A nomogram was constructed based on the final multivariable logistic regression model to visualize the prediction tool. The model’s performance was evaluated in both cohorts. Discrimination was assessed by the area under the receiver operating characteristic curve (AUC). Calibration was evaluated using calibration curves with bootstrap resampling (1000 repetitions) to compare predicted probabilities against observed outcomes. Clinical utility was assessed using decision curve analysis (DCA), which quantifies the net benefit across different threshold probabilities. A two-tailed P-value < 0.05 was considered statistically significant. All statistical analyses were performed using R software (version 4.2.2; R Foundation for Statistical Computing) with packages including glmnet, rms, pROC, and rmda.

Results

Patient Characteristics

According to the inclusion and exclusion criteria, a total of 1199 patients who underwent laparoscopic hysterectomy were included in this study. The entire cohort was randomly divided into a training cohort (n = 839, 70%) for model development and an internal validation cohort (n = 360, 30%) for model evaluation.

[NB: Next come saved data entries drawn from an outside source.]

(* There is a constant $C>0$ such that for all $a\neq b$ in $\mathbb{R}/\tau\mathbb{Z}$ and all $\phi\in\mathbb{R}$, $$\sum_{n\in Z(a,b)}w(n-\phi)^{3/2}\le C\,\frac{\sum_{n\in Z(a,b)}w(n-\phi)^{5/2}}{\sum_{n\in Z(a,b)}w(n-\phi)}.$$
   Context: $\tau=\frac{1+\sqrt5}{2}$; $w(x)=\frac1\pi\left(\tan^{-1}(x+1)-\tan^{-1}(x)\right)$. For real $x$, $x\bmod\tau$ is its image in $\mathbb{R}/\tau\mathbb{Z}$. For $a,b\in\mathbb{R}/\tau\mathbb{Z}$, $(a,b)$ denotes the open arc from $a$ to $b$ in the positive direction, and $Z(a,b)$ is the set of integers $n$ with $n\bmod\tau\in(a,b)$. The constant $C$ is independent of all variables. *)

theory Defs
  imports "HOL-Analysis.Analysis"
begin

definition tau :: real where
  "tau = (1 + sqrt 5) / 2"

definition w :: "real \<Rightarrow> real" where
  "w x = (arctan (x + 1) - arctan x) / pi"

definition rmod :: "real \<Rightarrow> real \<Rightarrow> real" where
  "rmod x t = x - t * of_int \<lfloor>x / t\<rfloor>"

text \<open>Points of R/tauZ are represented by real numbers a; two reals represent the
same point iff rmod a tau = rmod b tau. The open arc (a,b) from a to b in the
positive direction consists of the classes x with 0 < (x - a) mod tau < (b - a) mod tau.\<close>
definition in_arc :: "real \<Rightarrow> real \<Rightarrow> real \<Rightarrow> bool" where
  "in_arc a b x \<longleftrightarrow> 0 < rmod (x - a) tau \<and> rmod (x - a) tau < rmod (b - a) tau"

definition Zab :: "real \<Rightarrow> real \<Rightarrow> int set" where
  "Zab a b = {n :: int. in_arc a b (of_int n)}"

end

theory Submission
  imports Defs
begin

text \<open>
Write \<open>golden p q = p + q\<tau>\<close> and \<open>golden_conj p q = p + q(1 - \<tau>)\<close>, so that the pairs
\<open>(golden p q, golden_conj p q)\<close> form the Minkowski lattice of \<open>\<int>[\<tau>]\<close>. An integer \<open>n\<close> lies
in \<open>Z(a,b)\<close> iff \<open>golden n q - a\<close> falls in the window \<open>(0, l)\<close> for some \<open>q\<close>, where \<open>l\<close> is the
length of the arc. Two such integers \<open>m \<noteq> n\<close> give an element of \<open>\<int>[\<tau>]\<close> of size \<open>< l\<close>
whose conjugate is \<open>O(|m - n|)\<close>; as its norm is a nonzero integer, \<open>|m - n| \<ge> 1/(6l)\<close>.
Conversely, multiplying by the unit \<open>\<tau>\<close> rescales the two coordinates inversely, so every
box of area \<open>O(1)\<close> contains a lattice point, and hence some \<open>n \<in> Z(a,b)\<close> is within \<open>7/l\<close>
of \<open>\<phi>\<close>.

Let \<open>m\<close> be the point of \<open>Z(a,b)\<close> nearest to \<open>\<phi>\<close> and \<open>D = 1 + (m - \<phi>)\<^sup>2\<close>. Since
\<open>w(x) \<asymp> 1/(1 + x\<^sup>2)\<close> and the points \<open>n - \<phi>\<close> are \<open>max(1, 1/(6l))\<close>-separated, we get
\<open>w \<le> 1/D\<close> on \<open>Z(a,b)\<close>, \<open>\<Sum> w \<lesssim> 1/D\<close> and \<open>w(m - \<phi>) \<gtrsim> 1/D\<close>. Therefore
\<open>\<Sum> w\<^bsup>3/2\<^esup> \<lesssim> D\<^bsup>-3/2\<^esup>\<close>, \<open>\<Sum> w \<lesssim> D\<^bsup>-1\<^esup>\<close> and \<open>\<Sum> w\<^bsup>5/2\<^esup> \<gtrsim> D\<^bsup>-5/2\<^esup>\<close>.
\<close>

section \<open>The golden ratio and the lattice \<open>\<int>[\<tau>]\<close>\<close>

lemma sqrt5_eq: "sqrt 5 = 2 * tau - 1"
  unfolding tau_def by (simp add: field_simps)

lemma tau_squared: "tau^2 = tau + 1"
  unfolding tau_def by (simp add: power2_eq_square field_simps)

lemma tau_mult_tau: "tau * (tau * x) = x + tau * x"
  using tau_squared by (simp add: power2_eq_square algebra_simps flip: mult.assoc)

lemma tau_gt: "3/2 < tau"
proof -
  have "2 < sqrt 5" by (simp add: real_less_rsqrt)
  then show ?thesis unfolding tau_def by simp
qed

lemma tau_pos: "0 < tau"
  using tau_gt by simp

lemma tau_lt: "tau < 2"
proof -
  have "sqrt 5 < 3" by (simp add: real_sqrt_less_iff[where y = 9, simplified])
  then show ?thesis unfolding tau_def by simp
qed

definition golden :: "int \<Rightarrow> int \<Rightarrow> real" where
  "golden p q = of_int p + of_int q * tau"

definition golden_conj :: "int \<Rightarrow> int \<Rightarrow> real" where
  "golden_conj p q = of_int p + of_int q * (1 - tau)"

lemma golden_mult_conj: "golden p q * golden_conj p q = of_int (p^2 + p * q - q^2)"
proof -
  have "golden p q * golden_conj p q = of_int p ^ 2 + of_int p * of_int q - of_int q ^ 2 * (tau^2 - tau)"
    unfolding golden_def golden_conj_def by (simp add: algebra_simps power2_eq_square)
  then show ?thesis by (simp add: tau_squared)
qed

lemma golden_conj_eq: "golden_conj p q = golden p q - of_int q * sqrt 5"
  unfolding golden_def golden_conj_def sqrt5_eq by (simp add: algebra_simps)

lemma golden_div_tau: "golden p q / tau = golden (q - p) p"
  using tau_gt unfolding golden_def by (simp add: field_simps tau_mult_tau)

lemma golden_conj_mult_tau: "- tau * golden_conj p q = golden_conj (q - p) p"
  unfolding golden_conj_def by (simp add: algebra_simps tau_mult_tau)

lemma sqrt5_mult_eq: "sqrt 5 * of_int p = golden p q / tau + tau * golden_conj p q"
  using tau_gt unfolding golden_def golden_conj_def sqrt5_eq
  by (simp add: field_simps tau_mult_tau)

lemma golden_norm_eq_0_imp:
  fixes p q :: int
  assumes "p^2 + p * q - q^2 = 0"
  shows "q = 0"
  using assms
proof (induction "nat \<bar>q\<bar>" arbitrary: p q rule: less_induct)
  case less
  have "even q"
  proof (rule ccontr)
    assume "odd q"
    then have "even (p * (p + q))" "odd (q * q)" by auto
    moreover have "p * (p + q) = q * q" using less.prems by (simp add: power2_eq_square algebra_simps)
    ultimately show False by metis
  qed
  moreover have "p * p = q * (q - p)" using less.prems by (simp add: power2_eq_square algebra_simps)
  ultimately have "even p" by (metis even_mult_iff)
  then obtain p' q' where pq: "p = 2 * p'" "q = 2 * q'" using \<open>even q\<close> by (auto elim!: evenE)
  then have "p'^2 + p' * q' - q'^2 = 0" using less.prems by (simp add: power2_eq_square algebra_simps)
  then show "q = 0" using less.hyps[of q' p'] pq by fastforce
qed

lemma golden_norm_ge_1:
  assumes "p \<noteq> 0"
  shows "1 \<le> \<bar>golden p q\<bar> * \<bar>golden_conj p q\<bar>"
proof -
  have "p^2 + p * q - q^2 \<noteq> 0"
    using assms golden_norm_eq_0_imp[of p q] by auto
  then have "1 \<le> \<bar>of_int (p^2 + p * q - q^2) :: real\<bar>" by linarith
  then show ?thesis by (simp add: golden_mult_conj flip: abs_mult)
qed

lemma golden_conj_abs_le:
  assumes "\<bar>golden p q\<bar> \<le> tau * \<bar>of_int p\<bar>"
  shows "\<bar>golden_conj p q\<bar> \<le> 2 * tau^2 * \<bar>of_int p\<bar>"
proof -
  have "\<bar>of_int q\<bar> * tau = \<bar>golden p q - of_int p\<bar>"
    using tau_gt by (simp add: golden_def abs_mult)
  also have "\<dots> \<le> \<bar>golden p q\<bar> + \<bar>of_int p\<bar>" by (rule abs_triangle_ineq4)
  also have "\<dots> \<le> tau^2 * \<bar>of_int p\<bar>" using assms by (simp add: tau_squared algebra_simps)
  finally have q: "\<bar>of_int q\<bar> \<le> tau * \<bar>of_int p\<bar>"
    using tau_gt by (simp add: power2_eq_square mult.assoc)
  have "\<bar>golden_conj p q\<bar> \<le> \<bar>golden p q\<bar> + \<bar>of_int q\<bar> * sqrt 5"
    unfolding golden_conj_eq using abs_triangle_ineq4[of "golden p q" "of_int q * sqrt 5"]
    by (simp add: abs_mult)
  also have "\<dots> \<le> tau * \<bar>of_int p\<bar> + tau * \<bar>of_int p\<bar> * sqrt 5"
    using assms q by (intro add_mono mult_right_mono) auto
  also have "\<dots> = 2 * tau^2 * \<bar>of_int p\<bar>"
    by (simp add: sqrt5_eq tau_squared algebra_simps tau_mult_tau)
  finally show ?thesis .
qed

lemma golden_box_tau_power:
  "\<exists>p q. t < golden p q \<and> golden p q < t + 2 / tau^k \<and>
         s < golden_conj p q \<and> golden_conj p q < s + 4 * tau^k"
proof (induction k arbitrary: t s)
  case 0
  define c where "c = \<lceil>(s - t) / sqrt 5\<rceil>"
  define p where "p = \<lfloor>t + of_int c * tau\<rfloor> + 1"
  have "(s - t) / sqrt 5 \<le> of_int c" "of_int c < (s - t) / sqrt 5 + 1"
    unfolding c_def by linarith+
  then have "s - t \<le> of_int c * sqrt 5" "of_int c * sqrt 5 < s - t + sqrt 5"
    by (simp_all add: field_simps)
  moreover have "t < golden p (- c)" "golden p (- c) \<le> t + 1"
    unfolding golden_def p_def by linarith+
  moreover have "sqrt 5 < 3" using tau_lt by (simp add: sqrt5_eq)
  ultimately show ?case
    by (intro exI[of _ p] exI[of _ "- c"]) (simp add: golden_conj_eq)
next
  case (Suc k)
  \<comment> \<open>Dividing by the unit \<open>\<tau>\<close> shrinks the first coordinate and stretches the conjugate.\<close>
  obtain p q where pq: "t * tau < golden p q" "golden p q < t * tau + 2 / tau^k"
    "- s / tau - 4 * tau^k < golden_conj p q" "golden_conj p q < - s / tau"
    using Suc.IH[of "t * tau" "- s / tau - 4 * tau^k"] by auto
  have "t < golden p q / tau" "golden p q / tau < t + 2 / tau^Suc k"
    using pq(1,2) tau_gt by (simp_all add: field_simps)
  moreover have "s < - tau * golden_conj p q" "- tau * golden_conj p q < s + 4 * tau^Suc k"
    using pq(3,4) tau_gt by (simp_all add: field_simps)
  ultimately show ?case
    unfolding golden_div_tau golden_conj_mult_tau by blast
qed

lemma exists_power_between:
  fixes r x :: real
  assumes "1 < r" "1 \<le> x"
  obtains k :: nat where "x \<le> r^k" "r^k < r * x"
proof
  define k where "k = nat \<lceil>log r x\<rceil>"
  have "0 \<le> log r x" using assms by simp
  then have k: "log r x \<le> real k" "real k < log r x + 1" unfolding k_def by linarith+
  have "x = r powr log r x" using assms by simp
  also have "\<dots> \<le> r powr real k" using assms k by (intro powr_mono) auto
  finally show "x \<le> r^k" using assms by (simp add: powr_realpow)
  have "r powr real k < r powr (log r x + 1)" using assms k by (intro powr_less_mono) auto
  then show "r^k < r * x" using assms by (simp add: powr_realpow powr_add mult.commute)
qed

lemma golden_box:
  assumes "0 < h" "h \<le> 2"
  obtains p q where "t < golden p q" "golden p q < t + h"
    "s < golden_conj p q" "golden_conj p q < s + 8 * tau / h"
proof -
  obtain k where k: "2 / h \<le> tau^k" "tau^k < tau * (2 / h)"
    using exists_power_between[of tau "2 / h"] assms tau_gt by auto
  then have "2 / tau^k \<le> h" "4 * tau^k < 8 * tau / h"
    using assms tau_gt by (simp_all add: field_simps)
  then show ?thesis
    using golden_box_tau_power[of t k s] that by force
qed

section \<open>Integers in an arc of \<open>\<real>/\<tau>\<int>\<close>\<close>

lemma rmod_eqI:
  assumes "0 < t" "0 \<le> x - t * of_int i" "x - t * of_int i < t"
  shows "rmod x t = x - t * of_int i"
proof -
  have "\<lfloor>x / t\<rfloor> = i" using assms by (simp add: floor_eq_iff field_simps)
  then show ?thesis unfolding rmod_def by simp
qed

lemma rmod_bounds:
  assumes "0 < t"
  shows "0 \<le> rmod x t" "rmod x t < t"
proof -
  have "rmod x t = t * frac (x / t)" using assms by (simp add: rmod_def frac_def algebra_simps)
  then show "0 \<le> rmod x t" "rmod x t < t" using assms frac_lt_1[of "x / t"] by simp_all
qed

lemma rmod_add_mult: "t \<noteq> 0 \<Longrightarrow> rmod (x + t * of_int i) t = rmod x t"
  by (simp add: rmod_def add_divide_distrib algebra_simps)

lemma arc_length_pos:
  assumes "rmod a tau \<noteq> rmod b tau"
  shows "0 < rmod (b - a) tau"
proof (rule ccontr)
  assume "\<not> 0 < rmod (b - a) tau"
  then have "rmod (b - a) tau = 0" using rmod_bounds(1)[OF tau_pos, of "b - a"] by simp
  then have "b = a + tau * of_int \<lfloor>(b - a) / tau\<rfloor>" unfolding rmod_def by simp
  then have "rmod b tau = rmod a tau" using rmod_add_mult tau_pos by (metis less_irrefl)
  with assms show False by simp
qed

lemma mem_Zab_iff:
  "n \<in> Zab a b \<longleftrightarrow> 0 < rmod (of_int n - a) tau \<and> rmod (of_int n - a) tau < rmod (b - a) tau"
  unfolding Zab_def in_arc_def by simp

lemma Zab_separated:
  assumes "m \<in> Zab a b" "n \<in> Zab a b" "m \<noteq> n"
  shows "1 \<le> 6 * rmod (b - a) tau * \<bar>of_int m - of_int n\<bar>"
proof -
  define l where "l = rmod (b - a) tau"
  define i where "i = \<lfloor>(of_int m - a) / tau\<rfloor>"
  define j where "j = \<lfloor>(of_int n - a) / tau\<rfloor>"
  have "golden (m - n) (j - i) = rmod (of_int m - a) tau - rmod (of_int n - a) tau"
    unfolding golden_def rmod_def i_def j_def by (simp add: algebra_simps)
  then have close: "\<bar>golden (m - n) (j - i)\<bar> < l"
    using assms(1,2) unfolding mem_Zab_iff l_def by linarith
  have "l < tau" using rmod_bounds(2)[OF tau_pos] unfolding l_def .
  moreover have "tau \<le> tau * \<bar>of_int (m - n)\<bar>"
    using assms(3) tau_pos by (simp add: mult_le_cancel_left1)
  ultimately have "\<bar>golden (m - n) (j - i)\<bar> \<le> tau * \<bar>of_int (m - n)\<bar>"
    using close by linarith
  then have "\<bar>golden_conj (m - n) (j - i)\<bar> \<le> 2 * tau^2 * \<bar>of_int (m - n)\<bar>"
    by (rule golden_conj_abs_le)
  also have "\<dots> \<le> 6 * \<bar>of_int (m - n)\<bar>"
    using tau_lt tau_squared by (intro mult_right_mono) auto
  finally have conj_le: "\<bar>golden_conj (m - n) (j - i)\<bar> \<le> 6 * \<bar>of_int (m - n)\<bar>" .
  have "1 \<le> \<bar>golden (m - n) (j - i)\<bar> * \<bar>golden_conj (m - n) (j - i)\<bar>"
    using assms(3) by (intro golden_norm_ge_1) simp
  also have "\<dots> \<le> l * (6 * \<bar>of_int (m - n)\<bar>)"
    using close conj_le by (intro mult_mono) auto
  finally show ?thesis unfolding l_def by (simp add: mult.assoc)
qed
(* Let $0<p<1$, $0\le r\le1$ with $p\ne r$, $m:=r/p>1$, $T\in\mathbb{N}$ and $k\in\mathbb{N}$. Let $(H_i)_{i\ge1}$ be i.i.d. with $\mathbb{P}(H>n)=\frac{r-p}{(1-p)m^n-(1-r)}$ for $n\ge0$, $H_0:=T$, $N_T:=\min\{i\ge1:H_i>T\}$. Define the $k$-sample node depths: conditionally on $\{N_T\ge k\}$, choose a subset of $k$ tips $s_0<s_1<\dots<s_{k-1}$ uniformly at random among the $\binom{N_T}{k}$ subsets of $\{0,\dots,N_T-1\}$ (independently of $(H_i)$ given $N_T$), and set $H_{k,0}:=T$ and $H_{k,i}:=\max\{H_{s_{i-1}+1},\dots,H_{s_i}\}$ for $1\le i<k$. For $y\in(0,1)$, define the Bernoulli$(y)$-sample node depths: take an independent copy $(\tilde H_i)_{i\ge1}$ of $(H_i)$ with $\tilde H_0:=T$, $\tilde N_T:=\min\{i\ge1:\tilde H_i>T\}$, select each tip $i\in\{0,\dots,\tilde N_T-1\}$ independently with probability $y$, let $K$ be the number of selected tips and $t_0<\dots<t_{K-1}$ the selected tips, and set $H_{y,0}:=T$, $H_{y,i}:=\max\{\tilde H_{t_{i-1}+1},\dots,\tilde H_{t_i}\}$ for $1\le i<K$. Let $$\mu_k(\mathrm{d}y):=\frac{k\,\delta_T\,y^{k-1}}{\bigl(1-(1-\delta_T)(1-y)\bigr)^{k+1}}\,\mathrm{d}y,\qquad y\in(0,1),\qquad \delta_T:=\mathbb{P}(H>T).$$ Then for all $x_0=T$ and $x_1,\dots,x_{k-1}\in\{1,2,\dots,T\}$, $$\mathbb{P}(H_{k,0}=x_0,\dots,H_{k,k-1}=x_{k-1}\mid N_T\ge k)=\int_0^1\mu_k(\mathrm{d}y)\,\mathbb{P}(H_{y,0}=x_0,\dots,H_{y,k-1}=x_{k-1}\mid K=k).$$
   Context: The sequence $(H_i)_{i\ge1}$ is the coalescent point process of a Bienaymé–Galton–Watson process with $(p,r)$-linear fractional offspring law $\mathbb{P}(\xi=0)=1-r$, $\mathbb{P}(\xi=k)=rp(1-p)^{k-1}$ ($k\ge1$): $H_i$ is the coalescent time of consecutive tips $i-1,i$, and the coalescent time of tips $i<j$ is $\max\{H_{i+1},\dots,H_j\}$. The CPP$(T)$ tree has tips $0,\dots,N_T-1$ with node depths $H_0=T,H_1,\dots,H_{N_T-1}$. $H_{k,i}$ (resp. $H_{y,i}$) is the coalescent time between the $(i-1)$-th and $i$-th sampled tips. $\mu_k$ is a probability measure on $(0,1)$. *)

theory Defs
  imports "HOL-Probability.Probability"
begin

definition tailH :: "real \<Rightarrow> real \<Rightarrow> nat \<Rightarrow> real" where
  "tailH p r n = (r - p) / ((1 - p) * (r / p) ^ n - (1 - r))"

text \<open>N_T = min {i >= 1 : H_i > T} (H_0 := T is implicit).\<close>
definition NT :: "(nat \<Rightarrow> 'a \<Rightarrow> nat) \<Rightarrow> nat \<Rightarrow> 'a \<Rightarrow> nat" where
  "NT H T \<omega> = (LEAST i. 1 \<le> i \<and> T < H i \<omega>)"

definition sample_depths :: "(nat \<Rightarrow> nat) \<Rightarrow> nat \<Rightarrow> nat set \<Rightarrow> nat list" where
  "sample_depths h T S =
     (let s = sorted_list_of_set S
      in map (\<lambda>i. if i = 0 then T else Max (h ` {s ! (i - 1)<..s ! i})) [0..<card S])"

text \<open>Joint law of (randomness of the H's, k-sample of tips): given \<omega>, a uniformly random
  k-subset of {0,...,N_T-1} (only defined meaningfully on {N_T >= k}).\<close>
definition k_sample :: "'a measure \<Rightarrow> (nat \<Rightarrow> 'a \<Rightarrow> nat) \<Rightarrow> nat \<Rightarrow> nat \<Rightarrow> ('a \<times> nat set) measure" where
  "k_sample M H T k =
     M \<bind> (\<lambda>\<omega>. distr
        (measure_pmf (if k \<le> NT H T \<omega>
                      then pmf_of_set {S. S \<subseteq> {0..<NT H T \<omega>} \<and> card S = k}
                      else return_pmf {}))
        (M \<Otimes>\<^sub>M count_space UNIV) (\<lambda>S. (\<omega>, S)))"

definition bern_sample :: "'a measure \<Rightarrow> (nat \<Rightarrow> 'a \<Rightarrow> nat) \<Rightarrow> nat \<Rightarrow> real \<Rightarrow> ('a \<times> nat set) measure" where
  "bern_sample M H T y =
     M \<bind> (\<lambda>\<omega>. distr
        (measure_pmf (map_pmf (\<lambda>f. {i. f i}) (Pi_pmf {0..<NT H T \<omega>} False (\<lambda>_. bernoulli_pmf y))))
        (M \<Otimes>\<^sub>M count_space UNIV) (\<lambda>S. (\<omega>, S)))"

definition mu :: "nat \<Rightarrow> real \<Rightarrow> real measure" where
  "mu k \<delta> = density lborel
     (\<lambda>y. ennreal (indicator {0<..<1} y * (real k * \<delta> * y ^ (k - 1) / (1 - (1 - \<delta>) * (1 - y)) ^ (k + 1))))"

end

(*
  Given the tree, both samples pick a set S of tips whose law depends only on |S| and on the
  number n of tips: 1 / C(n,k) for each k-subset, resp. y^k (1-y)^(n-k) for the Bernoulli(y)
  sample.  Let c_n be the sum, over the k-subsets S of the n tips, of the probability that
  N_T = n and that the subtree spanned by S has node depths xs.  Then the left-hand side is
  (Sum_n c_n / C(n,k)) / P(N_T >= k), and the Bernoulli conditional probability is
  (Sum_n y^k (1-y)^(n-k) c_n) / P(K = k).
  By independence N_T is geometric, P(N_T = n) = delta (1-delta)^(n-1), so
  P(N_T >= k) = (1-delta)^(k-1), and the negative binomial series gives
  P(K = k) = delta (1-delta)^(k-1) y^k / (1 - (1-delta)(1-y))^(k+1).  The density of mu_k is
  exactly k / ((1-delta)^(k-1) y) times P(K = k), so integrating against mu_k turns
  y^k (1-y)^(n-k) c_n / P(K = k) into k c_n / (1-delta)^(k-1) times the Beta integral
  of y^(k-1) (1-y)^(n-k), i.e. into c_n / (C(n,k) (1-delta)^(k-1)).
*)

theory Submission
  imports Defs
begin

section \<open>Sampling tips given their number\<close>

definition tip_sample ::
    "'a measure \<Rightarrow> ('a \<Rightarrow> nat) \<Rightarrow> (nat \<Rightarrow> nat set pmf) \<Rightarrow> ('a \<times> nat set) measure" where
  "tip_sample M N Q =
     M \<bind> (\<lambda>\<omega>. distr (measure_pmf (Q (N \<omega>))) (M \<Otimes>\<^sub>M count_space UNIV) (\<lambda>S. (\<omega>, S)))"

definition uniform_subsets :: "nat \<Rightarrow> nat \<Rightarrow> nat set pmf" where
  "uniform_subsets k n =
     (if k \<le> n then pmf_of_set {S. S \<subseteq> {0..<n} \<and> card S = k} else return_pmf {})"

definition bernoulli_subset :: "real \<Rightarrow> nat \<Rightarrow> nat set pmf" where
  "bernoulli_subset y n = map_pmf (\<lambda>f. {i. f i}) (Pi_pmf {0..<n} False (\<lambda>_. bernoulli_pmf y))"

lemma k_sample_eq_tip_sample: "k_sample M H T k = tip_sample M (NT H T) (uniform_subsets k)"
  unfolding k_sample_def tip_sample_def uniform_subsets_def ..

lemma bern_sample_eq_tip_sample: "bern_sample M H T y = tip_sample M (NT H T) (bernoulli_subset y)"
  unfolding bern_sample_def tip_sample_def bernoulli_subset_def ..

lemma finite_subsets_card: "finite {S. S \<subseteq> {0..<n::nat} \<and> card S = k}"
  by (rule finite_subset[of _ "Pow {0..<n}"]) auto

lemma card_subsets_card: "card {S. S \<subseteq> {0..<n::nat} \<and> card S = k} = n choose k"
  using n_subsets[of "{0..<n}" k] by simp

lemma set_pmf_uniform_subsets: "set_pmf (uniform_subsets k n) \<subseteq> Pow {0..<n}"
proof (cases "k \<le> n")
  case True
  then have "{0..<k} \<in> {S. S \<subseteq> {0..<n} \<and> card S = k}" by simp
  then have "{S. S \<subseteq> {0..<n} \<and> card S = k} \<noteq> {}" by blast
  then show ?thesis
    using True by (auto simp: uniform_subsets_def set_pmf_of_set[OF _ finite_subsets_card])
qed (simp add: uniform_subsets_def)

lemma pmf_uniform_subsets:
  assumes "S \<subseteq> {0..<n}" "card S = k"
  shows "pmf (uniform_subsets k n) S = 1 / real (n choose k)"
proof -
  have "k \<le> n" using assms card_mono[of "{0..<n}" S] by simp
  moreover from assms have "{S. S \<subseteq> {0..<n} \<and> card S = k} \<noteq> {}" by blast
  ultimately show ?thesis
    using assms finite_subsets_card[of n k] by (simp add: uniform_subsets_def card_subsets_card)
qed

lemma pmf_bernoulli_subset:
  assumes "0 \<le> y" "y \<le> 1" "S \<subseteq> {0..<n}"
  shows "pmf (bernoulli_subset y n) S = y ^ card S * (1 - y) ^ (n - card S)"
proof -
  have "inj (\<lambda>f::nat \<Rightarrow> bool. {i. f i})"
    by (rule injI) auto
  then have "pmf (bernoulli_subset y n) S = pmf (Pi_pmf {0..<n} False (\<lambda>_. bernoulli_pmf y)) (\<lambda>i. i \<in> S)"
    unfolding bernoulli_subset_def using pmf_map_inj' by (metis Collect_mem_eq)
  also have "\<dots> = (\<Prod>i\<in>{0..<n}. if i \<in> S then y else 1 - y)"
    using assms by (subst pmf_Pi') (auto intro!: prod.cong)
  also have "\<dots> = y ^ card S * (1 - y) ^ card ({0..<n} - S)"
    using assms by (simp add: prod.If_cases Int_absorb1 Diff_eq)
  also have "card ({0..<n} - S) = n - card S"
    using assms by (simp add: card_Diff_subset finite_subset)
  finally show ?thesis .
qed

lemma set_pmf_bernoulli_subset: "set_pmf (bernoulli_subset y n) \<subseteq> Pow {0..<n}"
  unfolding bernoulli_subset_def using set_Pi_pmf_subset[of "{0..<n}" False] by fastforce

lemma bernoulli_subset_clamp: "bernoulli_subset y = bernoulli_subset (min 1 (max 0 y))"
proof -
  have "bernoulli_pmf y = bernoulli_pmf (min 1 (max 0 y))"
    by (rule pmf_eqI) (simp add: bernoulli_pmf.rep_eq)
  then show ?thesis unfolding bernoulli_subset_def by simp
qed

lemma emeasure_tip_kernel:
  fixes P :: "nat set pmf"
  assumes "\<omega> \<in> space M" "set_pmf P \<subseteq> Pow {0..<n}"
    and X: "X \<in> sets (M \<Otimes>\<^sub>M count_space UNIV)"
  shows "emeasure (distr (measure_pmf P) (M \<Otimes>\<^sub>M count_space UNIV) (\<lambda>S. (\<omega>, S))) X
       = (\<Sum>S\<in>Pow {0..<n}. ennreal (pmf P S) * indicator X (\<omega>, S))"
proof -
  have "(\<lambda>S. (\<omega>, S)) \<in> measurable (measure_pmf P) (M \<Otimes>\<^sub>M count_space UNIV)"
    using assms(1) by (auto simp: measurable_def space_pair_measure)
  then have "emeasure (distr (measure_pmf P) (M \<Otimes>\<^sub>M count_space UNIV) (\<lambda>S. (\<omega>, S))) X
      = emeasure (measure_pmf P) {S. (\<omega>, S) \<in> X}"
    using X by (simp add: emeasure_distr vimage_def)
  also have "\<dots> = (\<integral>\<^sup>+S. indicator X (\<omega>, S) \<partial>measure_pmf P)"
    using nn_integral_indicator[of "{S. (\<omega>, S) \<in> X}" "measure_pmf P"] by (simp add: indicator_def)
  also have "\<dots> = (\<Sum>S\<in>Pow {0..<n}. ennreal (pmf P S) * indicator X (\<omega>, S))"
    using assms(2) by (subst nn_integral_measure_pmf_support[of "Pow {0..<n}"]) (auto simp: mult.commute)
  finally show ?thesis .
qed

The baseline demographic and clinical characteristics of both cohorts are summarized in Table 1. The mean age of the patients was 43 ± 9 years in both groups (P = 0.569). Anthropometric and vital sign measures, including height, BMI, body temperature, heart rate, respiratory rate, and blood pressure, were well-balanced between the two cohorts with no statistically significant differences (all P > 0.05). A statistically significant but clinically modest difference was noted in surgical duration, which was slightly longer in the validation cohort (2.42 ± 0.92 hours) compared to the training cohort (2.28 ± 0.98 hours; P = 0.022). Intraoperative management parameters, including the use of vasoactive drugs, volumes of crystalline and colloidal fluid administration, total infusion quantity, urine output, and amount of bleeding, were consistent across both cohorts (all P > 0.05). Hematologic parameters (HCT, HGB, RBC) showed minor but statistically significant differences, while the inflammatory indices of interest—NLR, PLR, and SII—did not differ significantly between the training and validation cohorts (P = 0.527, 0.708, and 0.735, respectively). The overall balance of baseline variables supports the validity of the subsequent model development and internal validation. Detailed baseline characteristics stratified by postoperative CRP elevation status within each cohort are provided in Supplementary Table 1.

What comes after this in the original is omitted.